Refer to supported features to get the model’s supported feature matrix, including BF16, W8A8 quantization, chunked prefill, automatic prefix caching, asynchronous scheduling, tensor parallelism, expert parallelism, and ACLGraph support.

Refer to feature guide to get feature configuration details.

3 Prerequisites#

3.1 Model Weight#

  • Qwen3.6-35B-A3B (BF16 version): requires 1 Atlas 800 A3 (64G x 16) node or 1 Atlas 800 A2 (64G x 8) node. Download model weight.

  • Qwen3.6-35B-A3B-w8a8 (quantized version): requires 1 Atlas 800 A3 (64G x 16) node or 1 Atlas 800 A2 (64G x 8) node. Download model weight.

It is recommended to download the model weight to /root/.cache/.

4 Installation#

4.1 Docker Image Installation#

Select an image based on your machine type. For example, use quay.io/ascend/vllm-ascend:|vllm_ascend_version| for Atlas 800 A2 and quay.io/ascend/vllm-ascend:|vllm_ascend_version|-a3 for Atlas 800 A3.

Refer to using docker for the complete installation guide.

# Update --device according to your device.
# Atlas A2: /dev/davinci[0-7]
# Atlas A3: /dev/davinci[0-15]
# Download the model weight to /root/.cache in advance.
export IMAGE=quay.io/ascend/vllm-ascend:v0.21.0rc1
export NAME=vllm-ascend

docker run --rm \
  --name $NAME \
  --net=host \
  --shm-size=1g \
  --device /dev/davinci0 \
  --device /dev/davinci1 \
  --device /dev/davinci2 \
  --device /dev/davinci3 \
  --device /dev/davinci4 \
  --device /dev/davinci5 \
  --device /dev/davinci6 \
  --device /dev/davinci7 \
  --device /dev/davinci_manager \
  --device /dev/devmm_svm \
  --device /dev/hisi_hdc \
  -v /usr/local/dcmi:/usr/local/dcmi \
  -v /usr/local/Ascend/driver/tools/hccn_tool:/usr/local/Ascend/driver/tools/hccn_tool \
  -v /usr/local/bin/npu-smi:/usr/local/bin/npu-smi \
  -v /usr/local/Ascend/driver/lib64/:/usr/local/Ascend/driver/lib64/ \
  -v /usr/local/Ascend/driver/version.info:/usr/local/Ascend/driver/version.info \
  -v /etc/ascend_install.info:/etc/ascend_install.info \
  -v /root/.cache:/root/.cache \
  -it $IMAGE bash

After entering the container, verify that vLLM and vLLM-Ascend can be imported:

python -c "import vllm, vllm_ascend; print('vllm and vllm_ascend are ready')"

4.2 Source Code Installation#

You can also build and install vllm-ascend from source.
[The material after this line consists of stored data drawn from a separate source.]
(* Let $k:[0,\infty)\to[0,\infty)$ be of the form $k(x)=\nu((x,\infty))$ for a finite Borel measure $\nu$ on $(0,\infty)$ with $\int_{(2,\infty)}\log x\,\nu(dx)<\infty$ and $k(0)=\nu((0,\infty))=\alpha\in(2,\infty)$, and let $\varphi(t)=\exp\big(\int_0^\infty(e^{itx}-1)\frac{k(x)}{x}dx\big)$. Then there exist a function $L:(1,\infty)\to[0,\infty)$ that is slowly varying at $\infty$ and a constant $B>0$ such that \[ \lim_{|t|\to\infty}\frac{|t|^{\alpha}|\varphi(t)|}{L(|t|)}=B. \]
   Context: A measurable function $U$ on $(1,\infty)$ (or $[0,\infty)$) with values in $[0,\infty)$ is slowly varying at $\infty$ if $\lim_{t\to\infty}U(tx)/U(t)=1$ for every $x>0$. Here $\varphi$ is the characteristic function of the stationary distribution of the Ornstein–Uhlenbeck process $dX_t=-\lambda X_tdt+dJ_{\lambda t}$ driven by a compound Poisson subordinator $J$ with Lévy measure $\nu$. *)

theory Defs
  imports "HOL-Analysis.Analysis"
begin

definition slowly_varying_at_top :: "(real \<Rightarrow> real) \<Rightarrow> bool" where
  "slowly_varying_at_top U \<longleftrightarrow>
     set_borel_measurable borel {1<..} U \<and>
     (\<forall>t>1. 0 \<le> U t) \<and>
     (\<forall>x>0. ((\<lambda>t. U (t * x) / U t) \<longlongrightarrow> 1) at_top)"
Refer to set up using python.

5 Online Service Deployment#

5.1 Single-Node Online Deployment#

Single-node deployment runs both Prefill and Decode on the same node. Qwen3.6-35B-A3B-w8a8 can be deployed on 1 Atlas 800 A3 (64G x 16) or 1 Atlas 800 A2 (64G x 8). The W8A8 version needs --quantization ascend.
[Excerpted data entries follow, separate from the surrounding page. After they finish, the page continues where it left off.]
(* Let $k\ge 1$ be the cache size. In both the discard-predictions setup and the phase-predictions setup, there is no deterministic online paging algorithm that is $(\alpha,\beta,\gamma)$-competitive with either $\alpha+\beta<k$ or $\alpha+(k-1)\gamma<k$.
   Context: Paging: there is a universe $U$ of pages and a cache holding at most $k$ pages, initially empty. Requests $r_1,\dots,r_n\in U$ arrive online. If the requested page is not in the cache (a page fault), it must be loaded, evicting a cached page if the cache holds $k$ pages. The cost is the number of page faults; $\mathrm{OPT}(I)$ is the minimum offline cost on request sequence $I$. Along with each request $r_i$ the online algorithm receives a prediction bit $p_i\in\{0,1\}$ (which may be arbitrary). An algorithm is $(\alpha,\beta,\gamma)$-competitive (with $\alpha,\beta,\gamma\ge0$) if there is a constant $b$ (possibly depending on $k$) such that for every instance $I$ and all predictions $p$, $\mathrm{ALG}(I,p)\le \alpha\,\mathrm{OPT}(I)+\beta\,\eta_0+\gamma\,\eta_1+b$. Discard-predictions setup: fix the optimal offline algorithm LFD (on a fault with full cache, evict a cached page never requested again if one exists, otherwise the cached page whose next request is furthest in the future; ties broken by a fixed rule). Ground truth: $p_i^*=0$ if LFD keeps $r_i$ in cache until its next request (or to the end if none), $p_i^*=1$ if LFD evicts $r_i$ before it is requested again. Errors: $\eta_h=|\{i\in[n]: p_i=h,\ p_i^*=1-h\}|$. Phase-predictions setup: partition the requests into $k$-phases (the first starts at $r_1$; each phase is a maximal contiguous segment with at most $k$ distinct pages; the next starts right after). For $r_i$ in phase $j$: $p_i^*=0$ if page $r_i$ is requested in phase $j+1$, else $p_i^*=1$. Errors: $\eta_h$ = number of counted requests $i$ with $p_i=h$, $p_i^*=1-h$, where counted requests are, for each non-last phase $j$ and each page requested in phase $j$, only the last request to that page within phase $j$. *)

theory Defs
  imports Main "HOL.Real"
begin

(* A prediction bit is a bool: True = 1, False = 0.
   A (deterministic) eviction chooser receives the history of all
   (request, prediction) pairs seen so far (including the current one)
   and the current cache, and names the page to evict. *)
type_synonym chooser = "(nat \<times> bool) list \<Rightarrow> nat set \<Rightarrow> nat"

definition evict_page :: "chooser \<Rightarrow> (nat \<times> bool) list \<Rightarrow> nat set \<Rightarrow> nat" where
  "evict_page A h C = (let y = A h C in if y \<in> C then y else Min C)"

(* serve request r (history h already includes the current pair) *)
definition step :: "nat \<Rightarrow> chooser \<Rightarrow> (nat \<times> bool) list \<Rightarrow> nat set \<Rightarrow> nat \<Rightarrow> nat set" where
  "step k A h C r =
     (if r \<in> C then C
      else if card C < k then insert r C
      else insert r (C - {evict_page A h C}))"

fun trace :: "nat \<Rightarrow> chooser \<Rightarrow> (nat \<times> bool) list \<Rightarrow> nat set \<Rightarrow> (nat \<times> bool) list \<Rightarrow> nat set list" where
  "trace k A h C [] = []"
| "trace k A h C (x # xs) =
     (let C' = step k A (h @ [x]) C (fst x) in C' # trace k A (h @ [x]) C' xs)"

fun cost :: "nat \<Rightarrow> chooser \<Rightarrow> (nat \<times> bool) list \<Rightarrow> nat set \<Rightarrow> (nat \<times> bool) list \<Rightarrow> nat" where
  "cost k A h C [] = 0"
| "cost k A h C (x # xs) =
     (if fst x \<in> C then 0 else 1) + cost k A (h @ [x]) (step k A (h @ [x]) C (fst x)) xs"

definition inp :: "nat list \<Rightarrow> (nat \<Rightarrow> bool) \<Rightarrow> (nat \<times> bool) list" where
  "inp I p = map (\<lambda>i. (I ! i, p i)) [0..<length I]"

definition ALG :: "nat \<Rightarrow> chooser \<Rightarrow> nat list \<Rightarrow> (nat \<Rightarrow> bool) \<Rightarrow> nat" where
  "ALG k A I p = cost k A [] {} (inp I p)"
Run the following script to execute online inference with up to 262144 context length on 1 Atlas 800 A3 (64G x 16).

#!/bin/sh

# Load model from ModelScope to speed up download.
export VLLM_USE_MODELSCOPE=True

# Reduce memory fragmentation and avoid out-of-memory errors.
export PYTORCH_NPU_ALLOC_CONF=expandable_segments:True

export HCCL_OP_EXPANSION_MODE="AIV"
export HCCL_BUFFSIZE=1024
export OMP_NUM_THREADS=1
export TASK_QUEUE_ENABLE=1
echo performance | tee /sys/devices/system/cpu/cpu*/cpufreq/scaling_governor
sysctl -w vm.swappiness=0
sysctl -w kernel.numa_balancing=0
sysctl kernel.sched_migration_cost_ns=50000
export LD_PRELOAD=/usr/lib/aarch64-linux-gnu/libjemalloc.so.2:$LD_PRELOAD

vllm serve Eco-Tech/Qwen3.6-35B-A3B-w8a8 \
  --host 0.0.0.0 \
  --port 8000 \
  --data-parallel-size 1 \
  --tensor-parallel-size 2 \
  --enable-expert-parallel \
  --seed 1024 \
  --quantization ascend \
  --served-model-name qwen3.6 \
  --max-num-seqs 128 \
  --max-model-len 262144 \
  --max-num-batched-tokens 16384 \
  --trust-remote-code \
  --gpu-memory-utilization 0.90 \
  --enable-prefix-caching \
  --compilation-config '{"cudagraph_mode":"FULL_DECODE_ONLY"}' \
  --additional-config '{"enable_cpu_binding":true, "enable_flashcomm1":true, "multistream_overlap_shared_expert": true}' \
  --async-scheduling

Common Issues Tip: If the service fails to start, HBM is insufficient, or requests are not scheduled as expected, refer to FAQs first, and then check the model-specific FAQ in Section 10.

Key parameters:

  • --data-parallel-size 1 and --tensor-parallel-size 2 set DP and TP for the default single-node serving example.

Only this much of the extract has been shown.